Latest Posts

Archives [+]

cq5 content models: the tags

In software engineering, modularity often leads to hard choices when it comes to how big or small things should be. In a JCR content repository, the question is how granular should my content be?. A more granular structure contains more information, but too much granularity might slow things down.

Inside a JCR node, we can create a simple or complex hierachy of content atoms and metadata. But how far should we go? Should we think in terms of files, mini-databases, or simple name-value pairs?

JCR beginners often have a hard time figuring out the best content models for their problem, so we thought we'd share some of our experience here.

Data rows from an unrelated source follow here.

(* Let $K$ be a field with $\operatorname{char}(K)\neq2$ and let $(M,N,(\cdot_1,\cdot_2),\partial,(\{-,-\},\langle-,-\rangle))$ be a braided crossed module of Leibniz $K$-algebras. Then $(M\rtimes N,N,\bar s,\bar t,\bar e,\bar k,(\bar\tau,\bar\psi))$ is a braided categorical Leibniz $K$-algebra, where $\bar s(m,n)=n$, $\bar t(m,n)=\partial m+n$, $\bar e(n)=(0,n)$, $\bar k\colon (M\rtimes N)\times_N(M\rtimes N)\to M\rtimes N$ (pullback of $\bar t$ and $\bar s$) is $\bar k((m,n),(m',\partial m+n))=(m+m',n)$, $\bar\tau_{n,n'}=(-2\{n,n'\},[n,n'])$ and $\bar\psi_{n,n'}=(-2\langle n,n'\rangle,[n,n'])$.
   Context: A Leibniz $K$-algebra is a $K$-vector space with a bilinear bracket satisfying $[x,[y,z]]=[[x,y],z]-[[x,z],y]$. A Leibniz action of $N$ on $M$ is a pair of bilinear maps $\cdot_1\colon N\times M\to M$, $\cdot_2\colon M\times N\to M$ with: $n\cdot_1[m,m']=[n\cdot_1m,m']-[n\cdot_1m',m]$; $[m,n\cdot_1m']=[m\cdot_2n,m']-[m,m']\cdot_2n$; $[m,m'\cdot_2n]=[m,m']\cdot_2n-[m\cdot_2n,m']$; $m\cdot_2[n,n']=(m\cdot_2n)\cdot_2n'-(m\cdot_2n')\cdot_2n$; $n\cdot_1(m\cdot_2n')=(n\cdot_1m)\cdot_2n'-[n,n']\cdot_1m$; $n\cdot_1(n'\cdot_1m)=[n,n']\cdot_1m-(n\cdot_1m)\cdot_2n'$. The semidirect product $M\rtimes N$ is $M\times N$ with $[(m,n),(m',n')]=([m,m']+n\cdot_1m'+m\cdot_2n',[n,n'])$. A crossed module $(M,N,(\cdot_1,\cdot_2),\partial)$: such an action and a Leibniz homomorphism $\partial\colon M\to N$ with $\partial(n\cdot_1m)=[n,\partial m]$, $\partial(m\cdot_2n)=[\partial m,n]$, $\partial(m)\cdot_1m'=[m,m']=m\cdot_2\partial(m')$. A braiding is a pair of bilinear maps $\{-,-\},\langle-,-\rangle\colon N\times N\to M$ with, for all $m,m'\in M$, $n,n',n''\in N$: $\partial\{n,n'\}=[n,n']=\partial\langle n,n'\rangle$; $\{\partial m,\partial m'\}=[m,m']=\langle\partial m,\partial m'\rangle$; $\{\partial m,n\}=m\cdot_2n=\langle\partial m,n\rangle$; $\{n,\partial m\}=n\cdot_1m=\langle n,\partial m\rangle$; $\{n,[n',n'']\}=\{[n,n'],n''\}-\{[n,n''],n'\}$; $\langle n,[n',n'']\rangle=\{[n,n'],n''\}-\langle[n,n''],n'\rangle$; $\{n,[n',n'']\}=\{[n,n'],n''\}-\langle[n,n''],n'\rangle$; $\langle n,[n',n'']\rangle=\langle[n,n'],n''\rangle-\langle[n,n''],n'\rangle$. A categorical Leibniz algebra $(C_1,C_0,s,t,e,k)$ is an internal category in Leibniz algebras: Leibniz homomorphisms $s,t\colon C_1\to C_0$, $e\colon C_0\to C_1$, $k\colon C_1\times_{C_0}C_1=\{(x,y):t(x)=s(y)\}\to C_1$ with $se=te=\mathrm{Id}$, $s(k(x,y))=s(x)$, $t(k(x,y))=t(y)$, $k(e(s(x)),x)=x=k(x,e(t(x)))$, $k$ associative. A braiding on it is a pair of bilinear maps $\tau,\psi\colon C_0\times C_0\to C_1$ with, for all $a,b,c\in C_0$, $x,y\in C_1$: $s(\tau_{a,b})=s(\psi_{a,b})=[a,b]$, $t(\tau_{a,b})=t(\psi_{a,b})=-[a,b]$; $k([x,y],\tau_{t(x),t(y)})=k(\tau_{s(x),s(y)},-[x,y])$ and likewise for $\psi$; $\tau_{a,[b,c]}=\tau_{[a,b],c}-\tau_{[a,c],b}$; $\psi_{a,[b,c]}=\tau_{[a,b],c}-\psi_{[a,c],b}$; $\tau_{a,[b,c]}=\tau_{[a,b],c}-\psi_{[a,c],b}$; $\psi_{a,[b,c]}=\psi_{[a,b],c}-\psi_{[a,c],b}$. *)

theory Defs
  imports Complex_Main "HOL-Library.Product_Plus"
begin

definition bilin ::
  "('k::field \<Rightarrow> 'a::ab_group_add \<Rightarrow> 'a) \<Rightarrow> ('k \<Rightarrow> 'b::ab_group_add \<Rightarrow> 'b) \<Rightarrow>
   ('k \<Rightarrow> 'c::ab_group_add \<Rightarrow> 'c) \<Rightarrow> ('a \<Rightarrow> 'b \<Rightarrow> 'c) \<Rightarrow> bool" where
  "bilin sa sb sc f \<longleftrightarrow>
     (\<forall>x. Vector_Spaces.linear sb sc (f x)) \<and> (\<forall>y. Vector_Spaces.linear sa sc (\<lambda>x. f x y))"

definition leibniz_algebra ::
  "('k::field \<Rightarrow> 'a::ab_group_add \<Rightarrow> 'a) \<Rightarrow> ('a \<Rightarrow> 'a \<Rightarrow> 'a) \<Rightarrow> bool" where
  "leibniz_algebra sa br \<longleftrightarrow> vector_space sa \<and> bilin sa sa sa br \<and>
     (\<forall>x y z. br x (br y z) = br (br x y) z - br (br x z) y)"

definition leibniz_hom ::
  "('k::field \<Rightarrow> 'a::ab_group_add \<Rightarrow> 'a) \<Rightarrow> ('a \<Rightarrow> 'a \<Rightarrow> 'a) \<Rightarrow>
   ('k \<Rightarrow> 'b::ab_group_add \<Rightarrow> 'b) \<Rightarrow> ('b \<Rightarrow> 'b \<Rightarrow> 'b) \<Rightarrow> ('a \<Rightarrow> 'b) \<Rightarrow> bool" where
  "leibniz_hom sa bra sb brb f \<longleftrightarrow> Vector_Spaces.linear sa sb f \<and>
     (\<forall>x y. f (bra x y) = brb (f x) (f y))"

definition leibniz_action ::
  "('k::field \<Rightarrow> 'm::ab_group_add \<Rightarrow> 'm) \<Rightarrow> ('m \<Rightarrow> 'm \<Rightarrow> 'm) \<Rightarrow>
   ('k \<Rightarrow> 'n::ab_group_add \<Rightarrow> 'n) \<Rightarrow> ('n \<Rightarrow> 'n \<Rightarrow> 'n) \<Rightarrow>
   ('n \<Rightarrow> 'm \<Rightarrow> 'm) \<Rightarrow> ('m \<Rightarrow> 'n \<Rightarrow> 'm) \<Rightarrow> bool" where
  "leibniz_action sM brM sN brN a1 a2 \<longleftrightarrow>
     bilin sN sM sM a1 \<and> bilin sM sN sM a2 \<and>
     (\<forall>n m m'. a1 n (brM m m') = brM (a1 n m) m' - brM (a1 n m') m) \<and>
     (\<forall>m n m'. brM m (a1 n m') = brM (a2 m n) m' - a2 (brM m m') n) \<and>
     (\<forall>m m' n. brM m (a2 m' n) = a2 (brM m m') n - brM (a2 m n) m') \<and>
     (\<forall>m n n'. a2 m (brN n n') = a2 (a2 m n) n' - a2 (a2 m n') n) \<and>
     (\<forall>n m n'. a1 n (a2 m n') = a2 (a1 n m) n' - a1 (brN n n') m) \<and>
     (\<forall>n n' m. a1 n (a1 n' m) = a1 (brN n n') m - a2 (a1 n m) n')"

Starting with this post, we will explain some of the cq5 content structures. Without going into theoretical details - just by describing and explaining those structures.

Today, we'll have a look at the cq5 tags, used as semi-structured metadata, mostly for content pages. In cq5, tags like stockphotography/animals/birds can be added to content pages. Tags belong to namespaces (stockphotography in our example), and can be arranged hierarchically within their namespace.

cq5 tags - user view

Looking at the tags from the cq5 site admin console, we see a simple tree of concepts,grouped in namespaces (Marketing) and categories (Interest). Each tag has a unique TagID, visible in the first column on the right, that will later be used to connect content with those tags.

Nothing surprising here, except maybe the fact that our tags live in a hierarchical space,as opposed to a flat one. This creates simple namespaces for our tags, allowing several "worlds"of tags to be combined without conflicts.

How are we going to store this in JCR? In cq5, the tags are stored as a tree of JCR nodes,with a structure similar to the above one, using the cq:Tag node type. The content model simply reflects the reality of the tags and their natural organization.

The cq:Tag node type

Here's the definition of the cq:Tag node type in CQ5.2:

The tag node is required to have a sling:resourceType property with a default value of tagging/tag. That property is used by the Sling rendering system to select the appropriate components to render the tags, in the cq5 site admin console for example.

The node can contain nt:base child nodes which have the cq:Tag type by default. The cq:Tag node can also contain any number of additional ("residual" in JCRspeak) properties, single or multi-valued.

The cq:Tag node type also uses the mix:title mixin, which defines two optional String properties,jcr:title and jcr:description. The jcr:title property is used to allow tags to be renamed without changing their identifier. The cq5 user interface displays the jcr:title value, which can change over time,but it's the path of the cq:Tag node that is used as the tag identifier.

There's no specific node type for tag namespaces: a cq:Tag node that doesn't have a cq:Tag parent is considered as being a namespace. In cq5, tag definitions are stored under /etc/tags, and that node is not a cq:Tag, so cq:Tag child nodes like /etc/tags/marketing define tag namespaces.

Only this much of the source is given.